Отправившись еще до заката, Королевский голубой экспресс разогнался до девяноста миль в час и покрыл все расстояние до Вашингтона за какие-то пять часов. Но там они пересели на поезд Южной железной дороги, который шел с остановками, и это сильно снижало скорость. Все четверо, устроившись в вагоне, смотрели на расстилающиеся перед ними поля Вирджинии. А после долгой остановки и смены поезда в Солсбери, Северная Каролина, где вагон Джорджа Вандербильта отцепили и прицепили к новому поезду, земля начала вздыматься, и пологие холмы сменились невысокими горами.
Окно в вагоне было приоткрыто, и воздух пах дождем, соснами и прелыми листьями. Керри захлестнула волна нетерпения, сменившегося страхом — целый поток настолько противоречивых эмоций, какой может вызвать только путешествие домой после долгого отсутствия.

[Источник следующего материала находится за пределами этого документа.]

lemma monolithic_cyclic_module: "monolithic_mod cyclic_module down up"
proof (rule monolithic_modI)
  have "submodule cyclic_module down up cyclic_module"
    using submodule_cyclic_module by (rule submodule_self)
  then show "unit_vec 0 \<in> cyclic_module"
    using cyclic_module_subset_exp_poly one_mem_cyclic_module
    by (rule unit_vec_0_mem_if_exp_poly) (simp add: fun_eq_iff)
next
  fix W
  assume W: "submodule cyclic_module down up W" "W \<noteq> {0}"
  then obtain g where "g \<in> W" "g \<noteq> 0"
    using submodule_zero by blast
  moreover have "W \<subseteq> eventually_exp_poly 0"
    using W(1) cyclic_module_subset_exp_poly by (auto simp: submodule_def)
  ultimately show "unit_vec 0 \<in> W"
    using W(1) unit_vec_0_mem_if_exp_poly by blast
qed (rule unit_vec_nonzero)

lemma weight_power_mem_cyclic_module: "(\<lambda>n. weight n ^ m) \<in> cyclic_module"
proof (induction m)
  case 0
  then show ?case
    using one_mem_cyclic_module by (simp add: one_fun_def)
next
  case (Suc m)
  have "(\<lambda>n. weight n ^ Suc m) = weight_op (\<lambda>n. weight n ^ m)"
    by (simp add: fun_eq_iff weight_op_apply)
  then show ?case
    using submodule_weight_op[OF submodule_cyclic_module Suc] by simp
qed

lemma weight_power_eq_exp_poly: "weight n ^ m = exp_poly [(m, [:\<tau> ^ m:])] n"
  by (simp add: weight_def power_mult_distrib mult.commute[of m] flip: power_mult)

lemma weight_power_mem_exp_poly: "(\<lambda>n. weight n ^ m) \<in> eventually_exp_poly m"
  unfolding eventually_exp_poly_def weight_power_eq_exp_poly
  by (intro CollectI exI[of _ "[(m, [:\<tau> ^ m:])]"] exI[of _ 0]) simp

Фара локомотива прорезала туман, освещая склоны холмов, покрытых красными, желтыми и зелеными красками осени, словно складками ярких лоскутных одеял.
Керри с близнецами снова сидели вместе на одном сиденье, на сей раз в конце самого первого вагона. Рема вязала на сиденье спереди, ее соседом был молодой человек с копной темных кудрей под шапочкой-ермолкой. Керри вспомнила, что он ехал в одном вагоне с ними с самого начала путешествия, из самого Нью-Йорка.
Обернувшись к ним, он спросил с улыбкой:
— Едете в отпуск?
Керри выдавила ответную улыбку.
— Возвращаемся домой. — Она поправила волосы Талли и штанину Джарси. — Это мои брат и сестра. А рядом с вами — наша тетя.
Он протянул руку.
— Арон Беркович. По служебным делам.
Пожимая руку, Керри взглянула ему в лицо: широко открытые серьезные глаза, из нагрудного кармана куртки выглядывает перьевая ручка и небольшой блокнот, твидовый костюм слегка помят.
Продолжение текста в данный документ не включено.